Studs walked from the office, tired, almost dizzy, from the man's talk. There was a lineup on the bench, but the girl was gone. He examined his watch: twelve twenty-five, and left. But, gee, if it had only been a real and genuine proposition that would have netted him his sixty a week.
VI
He walked in the rain, north along Wabash Avenue, worn out, with his feet soaked, fighting the discouraging idea of giving up for the day, wondering where to go and what to do next. He dashed into a Thompson restaurant to get out of the rain. He noticed the clock to the right of the cashier's desk. Seven minutes to one. It probably wouldn't do much good to try any other place until at least one-thirty. He could sit here over a cup of coffee until then. Should have taken longer with his lunch. He carried his cup of coffee from the counter, put sugar into it at a service stand, and found a one-arm chair. He slouched, and stared around at the many people scattered over the place, noticing a shabby, graying man wolfing a sandwich. Two chairs away from this man, a bum snoozed half asleep over a cup of coffee. At a table, two young lads talked rapidly over plate dinners. Near them two bell-hops or doormen in braided uniforms drank coffee. Down to his right, an old man with shaking hands slobbered as he drank. All these people, some happy, some not, how many were worse off than he?

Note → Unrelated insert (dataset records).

theorem lemma3p2:
  fixes V :: "'a set" and E :: "'a set set" and w :: "'a set \<Rightarrow> real"
    and \<beta> :: real and T :: "'a hctree"
  assumes "wgraph V E w"
    and "0 < \<beta>" and "\<beta> < 1"
    and "is_hctree V T"
    and "beta_balanced \<beta> T"
  shows "hc_cost E w T \<le> Wsum V E w T \<and> Wsum V E w T \<le> (1 / \<beta>) * hc_cost E w T"
proof -
  have edges: "\<forall>e\<in>E. e \<subseteq> V \<and> card e = 2" and w_nonneg: "\<forall>e\<in>E. 0 \<le> w e"
    and "finite V" and leaves_T: "leaves T = V" and distinct_T: "distinct (leaves_list T)"
    using assms(1,4) by (auto simp: wgraph_def is_hctree_def)
  then have "finite E"
    using finite_subset[of E "Pow V"] by auto
  have W: "Wsum V E w T = (\<Sum>e\<in>E. w e * cut_charge T e)"
    using Wsum_eq_sum_cut_charge[OF \<open>finite E\<close>] edges by blast
  have lower: "real (lca_size T e) \<le> cut_charge T e"
    and upper: "cut_charge T e \<le> real (lca_size T e) / \<beta>" if "e \<in> E" for e
  proof -
    have "e \<subseteq> leaves T" "card e = 2"
      using edges that leaves_T by auto
    then obtain x y where xy: "e = {x, y}" "x \<noteq> y" "x \<in> leaves T" "y \<in> leaves T"
      by (auto simp: card_2_iff)
    show "real (lca_size T e) \<le> cut_charge T e"
      using lca_size_le_cut_charge[OF distinct_T \<open>e \<subseteq> leaves T\<close>] \<open>card e = 2\<close> by simp
    show "cut_charge T e \<le> real (lca_size T e) / \<beta>"
      unfolding xy(1) using cut_charge_le_lca_size[OF distinct_T assms(5,2) xy(3,4,2)] .
  qed
  have "hc_cost E w T \<le> Wsum V E w T"
    unfolding W hc_cost_def using lower w_nonneg by (intro sum_mono mult_left_mono) auto
  moreover have "Wsum V E w T \<le> (\<Sum>e\<in>E. w e * (real (lca_size T e) / \<beta>))"
    unfolding W using upper w_nonneg by (intro sum_mono mult_left_mono) auto
  ultimately show ?thesis
    by (simp add: hc_cost_def sum_distrib_left)
qed

end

He drank coffee, and determined to force his mind on the problem of what to do this afternoon, and what to say when he went out looking again. He lifted the cup and noticed the manager, a sour-faced fellow in a clean white coat, move officiously around, seeming to give orders to the hustling busboys. The man took a position near the door and stood with folded arms as if he owned the joint. Studs thought of how he would hate to work for a nasty-looking bastard like that manager. In a far comer two girls talked at a table. What about them?
There was no urge in him now to do anything. He was too damned tired. His feet were wet, and they felt dirty. His suit seemed not to fit, hanging loosely and unpressed on his body, the trousers about the cuffs heavy from rain. He told himself that he was whipped. He told himself, that no, damn it, no, he wasn't whipped. He would just sit here a while, rest himself, get his bearings, figure out a clear line to use in getting a job, and then go out and look until he did get something.
He walked to the cashier's counter and bought a package of cigarettes. He knew he shouldn't smoke, but one now, in his present state, wouldn't hurt. Returning to his chair, he saw that his cup had been removed. He walked to the counter and came back with another cup. He lit a cigarette and inhaled deeply. He shook his head, thinking that Christ, the times sure must be hard, all right. At both places where he'd been this morning, fellows had kept streaming in. And there would be some chumps, so dumb, or so hard up, that they would fall for that bald-headed guy's paper-cup racket. Have a scientific drink of water in a scientific paper cup, he smiled to himself, drinking coffee. But Studs Lonigan had not been one of that boy's suckers. No, sir.